Starting on Tuesday, Sept. 10, when a patient goes to get a mammogram, the doctors are required to let women know about their breast density.

The FDA originally issued the rule on March 10 but extended the implementation date to give mammography facilities additional time to follow the new guidelines.

Breast density is categorized into four categories: fatty, scattered tissue, heterogeneously dense or extremely dense.

“Dense breasts can hide cancers on mammography, because breast cancers on mammography look similar to that breast tissue,” said Dr. Amy Patel, a radiologist at the Breast Care Center at Liberty Hospital.

The FDA now requires doctors to give women a letter letting them know if they have dense breasts or not, what the risks are, and what steps they need to take.

Dr. Patel said this new rule is a long time coming and will benefit so many women moving forward.

“We’re going to see more cancers found and that’s the exciting part of it,” she said, “we’re going to be able to save more lives, we’re going to be able to find more cancers when they’re millimetric so that these patients can live a long and healthy life.”

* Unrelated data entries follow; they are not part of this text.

(* Let $(X, A, Y(0), Y(1))$ be a random vector with $X \in \mathbb{R}^d$ covariates, $A \in \{0,1\}$ a binary treatment and $Y(0), Y(1) \in \mathbb{R}$ potential outcomes. Let $f:\mathbb{R}^d \to [0,1]$ be a weight function and let $V \sim \mathrm{Unif}(0,1)$ be drawn independently of $(X, A, Y(0), Y(1))$. Define the pair of flip interventions \[ D_f(0) = A\,\mathbf{1}\{V > f(X)\}, \qquad D_f(1) = A + (1-A)\,\mathbf{1}\{V \le f(X)\}, \] and the interventional flip effect \[ \psi_f = \frac{\mathbb{E}\big[ Y\{D_f(1)\} - Y\{D_f(0)\}\big]}{\mathbb{E}\{D_f(1) - D_f(0)\}}. \] Then \[ \psi_f = \mathbb{E}\left[ \frac{\mathbb{E}\{Y(1) - Y(0) \mid X\}\, f(X)}{\mathbb{E}\{f(X)\}} \right]. \]
   Context: For a (possibly random) treatment decision $D \in \{0,1\}$, $Y(D)$ denotes the potential outcome under decision $D$, i.e. $Y(D) = D\,Y(1) + (1-D)\,Y(0)$. The observed outcome is $Y = Y(A)$ (consistency). The right-hand side is a weighted average treatment effect with weight $f$; the ratio $\psi_f$ is assumed well defined (i.e. $\mathbb{E}\{f(X)\}>0$ and the relevant expectations exist). *)

theory Defs
  imports "HOL-Probability.Probability"
begin

definition pot_outcome :: "('w \<Rightarrow> real) \<Rightarrow> ('w \<Rightarrow> real) \<Rightarrow> ('w \<Rightarrow> real) \<Rightarrow> 'w \<Rightarrow> real" where
  "pot_outcome Y0 Y1 D w = D w * Y1 w + (1 - D w) * Y0 w"

definition flip0 :: "('x \<Rightarrow> real) \<Rightarrow> ('w \<Rightarrow> 'x) \<Rightarrow> ('w \<Rightarrow> real) \<Rightarrow> ('w \<Rightarrow> real) \<Rightarrow> 'w \<Rightarrow> real" where
  "flip0 f X A V w = A w * of_bool (V w > f (X w))"

definition flip1 :: "('x \<Rightarrow> real) \<Rightarrow> ('w \<Rightarrow> 'x) \<Rightarrow> ('w \<Rightarrow> real) \<Rightarrow> ('w \<Rightarrow> real) \<Rightarrow> 'w \<Rightarrow> real" where
  "flip1 f X A V w = A w + (1 - A w) * of_bool (V w \<le> f (X w))"

definition flip_effect :: "'w measure \<Rightarrow> ('x \<Rightarrow> real) \<Rightarrow> ('w \<Rightarrow> 'x) \<Rightarrow> ('w \<Rightarrow> real) \<Rightarrow> ('w \<Rightarrow> real)
    \<Rightarrow> ('w \<Rightarrow> real) \<Rightarrow> ('w \<Rightarrow> real) \<Rightarrow> real" where
  "flip_effect M f X A Y0 Y1 V =
     (\<integral>w. pot_outcome Y0 Y1 (flip1 f X A V) w - pot_outcome Y0 Y1 (flip0 f X A V) w \<partial>M)
     / (\<integral>w. flip1 f X A V w - flip0 f X A V w \<partial>M)"

end

theory Submission
  imports Defs
begin

text \<open>Where A is 0 or 1, the two flip interventions differ exactly on the event V \<le> f(X), on which
  D_f(1) = 1 and D_f(0) = 0. So the numerator of psi_f is E[1{V \<le> f(X)} (Y(1) - Y(0))] and the
  denominator is P(V \<le> f(X)). Because V is uniform and independent of (X, A, Y(0), Y(1)), Fubini
  replaces the indicator 1{V \<le> f(X)} by its conditional probability f(X); the tower property then
  turns E[f(X) (Y(1) - Y(0))] into E[f(X) E{Y(1) - Y(0) | X}].\<close>

lemma (in prob_space) distr_pair_eq_pair_measureI:
  assumes X[measurable]: "random_variable S X" and Y[measurable]: "random_variable T Y"
    and rect: "\<forall>A\<in>sets S. \<forall>B\<in>sets T.
      prob {w\<in>space M. X w \<in> A \<and> Y w \<in> B} = prob {w\<in>space M. X w \<in> A} * prob {w\<in>space M. Y w \<in> B}"
  shows "distr M (S \<Otimes>\<^sub>M T) (\<lambda>w. (X w, Y w)) = distr M S X \<Otimes>\<^sub>M distr M T Y"
proof -
  interpret PX: prob_space "distr M S X" using X by (rule prob_space_distr)
  interpret PY: prob_space "distr M T Y" using Y by (rule prob_space_distr)
  show ?thesis
  proof (rule pair_measure_eqI[symmetric])
    fix A B assume "A \<in> sets (distr M S X)" and "B \<in> sets (distr M T Y)"
    then have A: "A \<in> sets S" and B: "B \<in> sets T" by simp_all
    have "emeasure (distr M (S \<Otimes>\<^sub>M T) (\<lambda>w. (X w, Y w))) (A \<times> B)
        = prob {w\<in>space M. X w \<in> A \<and> Y w \<in> B}"
      using A B by (subst emeasure_distr) (auto simp: emeasure_eq_measure intro!: arg_cong[where f=prob])
    also have "\<dots> = prob {w\<in>space M. X w \<in> A} * prob {w\<in>space M. Y w \<in> B}"
      using A B by (simp add: rect)
    also have "\<dots> = emeasure (distr M S X) A * emeasure (distr M T Y) B"
      using A B by (simp add: emeasure_distr emeasure_eq_measure ennreal_mult' vimage_def Int_def conj_commute)
    finally show "emeasure (distr M S X) A * emeasure (distr M T Y) B
        = emeasure (distr M (S \<Otimes>\<^sub>M T) (\<lambda>w. (X w, Y w))) (A \<times> B)" by simp
  qed (simp_all add: PX.sigma_finite_measure_axioms PY.sigma_finite_measure_axioms)
qed

lemma measure_uniform_unit_interval_atMost:
  fixes t :: real
  assumes "0 \<le> t" "t \<le> 1"
  shows "measure (uniform_measure lborel {0<..<1}) {..t} = t"
proof -
  have "emeasure lborel ({0<..<1} \<inter> {..t}) = ennreal t"
  proof (cases "t = 1")
    case True
    then have "{0<..<1} \<inter> {..t} = {0<..<1}" by auto
    then show ?thesis using True by simp
  next
    case False
    then have "{0<..<1} \<inter> {..t} = {0<..t}" using assms by auto
    then show ?thesis using assms by (simp add: emeasure_lborel_Ioc)
  qed
  then have "emeasure (uniform_measure lborel {0<..<1}) {..t} = ennreal t"
    by (simp add: divide_ennreal_def)
  then show ?thesis using assms by (simp add: measure_def)
qed

lemma (in prob_space) integral_of_bool_le_indep_uniform:
  fixes h :: "'n \<Rightarrow> real"
  assumes [measurable]: "random_variable borel V" "random_variable N Z"
    and indep: "distr M (borel \<Otimes>\<^sub>M N) (\<lambda>w. (V w, Z w)) = distr M borel V \<Otimes>\<^sub>M distr M N Z"
    and unif: "distr M lborel V = uniform_measure lborel {0<..<1}"
    and [measurable]: "g \<in> borel_measurable N" and g01: "\<And>z. z \<in> space N \<Longrightarrow> g z \<in> {0..1}"
    and [measurable]: "h \<in> borel_measurable N" and h_int: "integrable M (\<lambda>w. h (Z w))"
  shows "(\<integral>w. of_bool (V w \<le> g (Z w)) * h (Z w) \<partial>M) = (\<integral>w. g (Z w) * h (Z w) \<partial>M)"
proof -
  define PV where "PV = distr M borel V"
  define PZ where "PZ = distr M N Z"
  interpret PV: prob_space PV unfolding PV_def by (rule prob_space_distr) simp
  interpret PZ: prob_space PZ unfolding PZ_def by (rule prob_space_distr) simp
  interpret pair_sigma_finite PV PZ ..
  define \<phi> where "\<phi> v z = of_bool (v \<le> g z) * h z" for v z
  have [measurable]: "case_prod \<phi> \<in> borel_measurable (borel \<Otimes>\<^sub>M N)"
    unfolding \<phi>_def by measurable
  have joint: "PV \<Otimes>\<^sub>M PZ = distr M (borel \<Otimes>\<^sub>M N) (\<lambda>w. (V w, Z w))"
    unfolding PV_def PZ_def indep ..
  have "integrable M (\<lambda>w. \<phi> (V w) (Z w))"
    by (rule Bochner_Integration.integrable_bound[OF h_int]) (auto simp: \<phi>_def)
  then have \<phi>_int: "integrable (PV \<Otimes>\<^sub>M PZ) (case_prod \<phi>)"
    unfolding joint by (subst integrable_distr_eq) auto
  have PV_unif: "PV = uniform_measure lborel {0<..<1}"
    unfolding PV_def unif[symmetric] by (rule distr_cong) auto
  have inner: "(\<integral>v. \<phi> v z \<partial>PV) = g z * h z" if "z \<in> space N" for z
  proof -
    have cdf: "measure PV {..g z} = g z"
      unfolding PV_unif using g01[OF that] by (intro measure_uniform_unit_interval_atMost) auto
    have "(\<integral>v. \<phi> v z \<partial>PV) = (\<integral>v. indicator {..g z} v * h z \<partial>PV)"
      by (rule Bochner_Integration.integral_cong) (auto simp: \<phi>_def indicator_def)
    also have "\<dots> = measure PV {..g z} * h z"
      by (simp add: PV_def)
    also have "\<dots> = g z * h z"
      by (simp add: cdf)
    finally show ?thesis .
  qed
  have "(\<integral>w. of_bool (V w \<le> g (Z w)) * h (Z w) \<partial>M) = (\<integral>w. case_prod \<phi> (V w, Z w) \<partial>M)"
    by (simp add: \<phi>_def)
  also have "\<dots> = integral\<^sup>L (PV \<Otimes>\<^sub>M PZ) (case_prod \<phi>)"
    unfolding joint by (subst integral_distr) auto
  also have "\<dots> = (\<integral>z. (\<integral>v. \<phi> v z \<partial>PV) \<partial>PZ)"
    by (rule integral_snd[OF \<phi>_int, symmetric])
  also have "\<dots> = (\<integral>z. g z * h z \<partial>PZ)"
    by (rule Bochner_Integration.integral_cong) (auto simp: PZ_def inner)
  also have "\<dots> = (\<integral>w. g (Z w) * h (Z w) \<partial>M)"
    unfolding PZ_def by (subst integral_distr) auto
  finally show ?thesis .
qed

lemma (in prob_space) integral_mult_real_cond_exp_vimage:
  assumes X[measurable]: "random_variable N X"
    and [measurable]: "g \<in> borel_measurable N" "Y \<in> borel_measurable M"
    and int: "integrable M (\<lambda>w. g (X w) * Y w)"
  shows "(\<integral>w. g (X w) * real_cond_exp M (vimage_algebra (space M) X N) Y w \<partial>M)
       = (\<integral>w. g (X w) * Y w \<partial>M)"
proof -
  let ?F = "vimage_algebra (space M) X N"
  have "subalgebra M ?F"
    using measurable_iff_sets[THEN iffD1, OF X] by (simp add: subalgebra_def)
  then interpret finite_measure_subalgebra M ?F
    by unfold_locales
  have "(\<lambda>w. g (X w)) \<in> borel_measurable ?F"
    by (rule measurable_compose[OF measurable_vimage_algebra1]) (use X in \<open>auto intro: measurable_space\<close>)
  then show ?thesis
    using int by (intro real_cond_exp_intg(2)) simp_all
qed

lemma (in prob_space) integral_of_bool_le_weight_indep_uniform:
  fixes X :: "'a \<Rightarrow> 'x::second_countable_topology" and A Y0 Y1 V :: "'a \<Rightarrow> real"
    and h :: "'x \<times> real \<times> real \<times> real \<Rightarrow> real"
  assumes [measurable]: "random_variable borel X" "random_variable borel A"
      "random_variable borel Y0" "random_variable borel Y1"
    and f[measurable]: "f \<in> borel_measurable borel" and f01: "\<forall>x. f x \<in> {0..1}"
    and V[measurable]: "random_variable borel V"
    and unif: "distr M lborel V = uniform_measure lborel {0<..<1}"
    and indep: "\<forall>S\<in>sets borel. \<forall>T\<in>sets borel.
      prob {w\<in>space M. V w \<in> S \<and> (X w, A w, Y0 w, Y1 w) \<in> T}
      = prob {w\<in>space M. V w \<in> S} * prob {w\<in>space M. (X w, A w, Y0 w, Y1 w) \<in> T}"
    and h: "h \<in> borel_measurable borel" "integrable M (\<lambda>w. h (X w, A w, Y0 w, Y1 w))"
  shows "(\<integral>w. of_bool (V w \<le> f (X w)) * h (X w, A w, Y0 w, Y1 w) \<partial>M)
       = (\<integral>w. f (X w) * h (X w, A w, Y0 w, Y1 w) \<partial>M)"
proof -
  have Z[measurable]: "(\<lambda>w. (X w, A w, Y0 w, Y1 w)) \<in> borel_measurable M"
    by measurable
  have joint: "distr M (borel \<Otimes>\<^sub>M borel) (\<lambda>w. (V w, X w, A w, Y0 w, Y1 w))
      = distr M borel V \<Otimes>\<^sub>M distr M borel (\<lambda>w. (X w, A w, Y0 w, Y1 w))"
    by (rule distr_pair_eq_pair_measureI[OF V Z indep])
  have f_fst: "(\<lambda>z. f (fst z)) \<in> borel_measurable (borel :: ('x \<times> real \<times> real \<times> real) measure)"
    by (intro measurable_compose[OF _ f] borel_measurable_continuous_onI continuous_intros)
  have "f (fst z) \<in> {0..1}" for z
    using f01 by simp
  from integral_of_bool_le_indep_uniform[OF V Z joint unif f_fst this h] show ?thesis
    by simp
qed

lemma integral_flip_diff:
  assumes "\<forall>w\<in>space M. A w \<in> {0, 1}"
  shows "(\<integral>w. flip1 f X A V w - flip0 f X A V w \<partial>M) = (\<integral>w. of_bool (V w \<le> f (X w)) \<partial>M)"
  using assms by (intro Bochner_Integration.integral_cong) (auto simp: flip0_def flip1_def)

lemma integral_pot_outcome_flip_diff:
  assumes "\<forall>w\<in>space M. A w \<in> {0, 1}"
  shows "(\<integral>w. pot_outcome Y0 Y1 (flip1 f X A V) w - pot_outcome Y0 Y1 (flip0 f X A V) w \<partial>M)
       = (\<integral>w. of_bool (V w \<le> f (X w)) * (Y1 w - Y0 w) \<partial>M)"
  using assms by (intro Bochner_Integration.integral_cong) (auto simp: pot_outcome_def flip0_def flip1_def)

theorem proposition1:
  fixes M :: "'w measure"
    and X :: "'w \<Rightarrow> real ^ 'd"
    and A Y0 Y1 V :: "'w \<Rightarrow> real"
    and f :: "real ^ 'd \<Rightarrow> real"
  assumes "prob_space M"
    and "X \<in> borel_measurable M"
    and "A \<in> borel_measurable M"
    and "\<forall>w\<in>space M. A w \<in> {0, 1}"
    and "integrable M Y0"
    and "integrable M Y1"
    and "f \<in> borel_measurable borel"
    and "\<forall>x. f x \<in> {0..1}"
    and "V \<in> borel_measurable M"
    and "distr M lborel V = uniform_measure lborel {0<..<1}"
    and "\<forall>S\<in>sets (borel :: real measure). \<forall>T\<in>sets (borel :: ((real ^ 'd) \<times> real \<times> real \<times> real) measure).
         measure M {w\<in>space M. V w \<in> S \<and> (X w, A w, Y0 w, Y1 w) \<in> T}
         = measure M {w\<in>space M. V w \<in> S} * measure M {w\<in>space M. (X w, A w, Y0 w, Y1 w) \<in> T}"
    and "(\<integral>w. f (X w) \<partial>M) > 0"
  shows "flip_effect M f X A Y0 Y1 V =
    (\<integral>w. real_cond_exp M (vimage_algebra (space M) X borel) (\<lambda>w. Y1 w - Y0 w) w * f (X w)
            / (\<integral>w. f (X w) \<partial>M) \<partial>M)"
proof -
  interpret prob_space M by fact
  note [measurable] = assms(2,3,7,9)
  have Y_meas[measurable]: "random_variable borel Y0" "random_variable borel Y1"
    using assms(5,6) by (simp_all add: borel_measurable_integrable)
  note indicator_to_weight = integral_of_bool_le_weight_indep_uniform[OF assms(2,3) Y_meas assms(7-11)]
  have Y_int: "integrable M (\<lambda>w. Y1 w - Y0 w)"
    using assms(5,6) by simp
  have "(\<lambda>z. snd (snd (snd z)) - fst (snd (snd z)))
      \<in> borel_measurable (borel :: ((real ^ 'd) \<times> real \<times> real \<times> real) measure)"
    by (intro borel_measurable_continuous_onI continuous_intros)
  from indicator_to_weight[OF this] Y_int have num:
    "(\<integral>w. of_bool (V w \<le> f (X w)) * (Y1 w - Y0 w) \<partial>M) = (\<integral>w. f (X w) * (Y1 w - Y0 w) \<partial>M)"
    by simp
  from indicator_to_weight[of "\<lambda>_. 1", OF borel_measurable_const integrable_const] have den:
    "(\<integral>w. of_bool (V w \<le> f (X w)) \<partial>M) = (\<integral>w. f (X w) \<partial>M)"
    by simp
  have "integrable M (\<lambda>w. f (X w) * (Y1 w - Y0 w))"
    by (rule Bochner_Integration.integrable_bound[OF Y_int])
      (use assms(8) in \<open>auto simp: abs_mult intro!: mult_left_le_one_le\<close>)
  from integral_mult_real_cond_exp_vimage[OF assms(2,7) borel_measurable_integrable[OF Y_int] this]
  show ?thesis
    unfolding flip_effect_def integral_pot_outcome_flip_diff[OF assms(4)] integral_flip_diff[OF assms(4)] num den
    by (simp add: mult.commute)
qed

end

Cancer survivor, Sharon Butler Payne, who is also the Founder and Executive Director of Bra Couture KC said her breast cancer story began with dense tissue.

Before she was diagnosed in 2012 her cancer went undetected. She said she had dense breasts and didn’t even know it.

“So, it just sat there getting worse and worse and worse.”

Payne said she took all the right steps, getting a mammogram screening three months before she was diagnosed and was shocked when doctors found cancer.

“I was like how; ‘how did this happen?’ And I didn’t even really know the whole tissue story and the dense tissue issue at that time,” she said.

Like Payne, many women don’t know they have dense tissue and that if they do, they are at a higher risk for breast cancer.

“I am a breast cancer survivor but now I am fighting another catastrophic disease that was caused because the cancer hid in the density of my breast,” said Payne.

Cancer survivors like Payne said this ruling could have helped her and hopes this will reduce delays in other women’s diagnoses.

“The fact that women now have to be told, gives them the opportunity to pursue to get additional screening to ensure that the cancer is not hiding in their breast, like it did in mine,” said Payne.

Dr. Patel said the new rule is an exciting improvement to help women take charge of their breast health, but the work is far from over, the next step is making sure all additional screening is covered by insurance.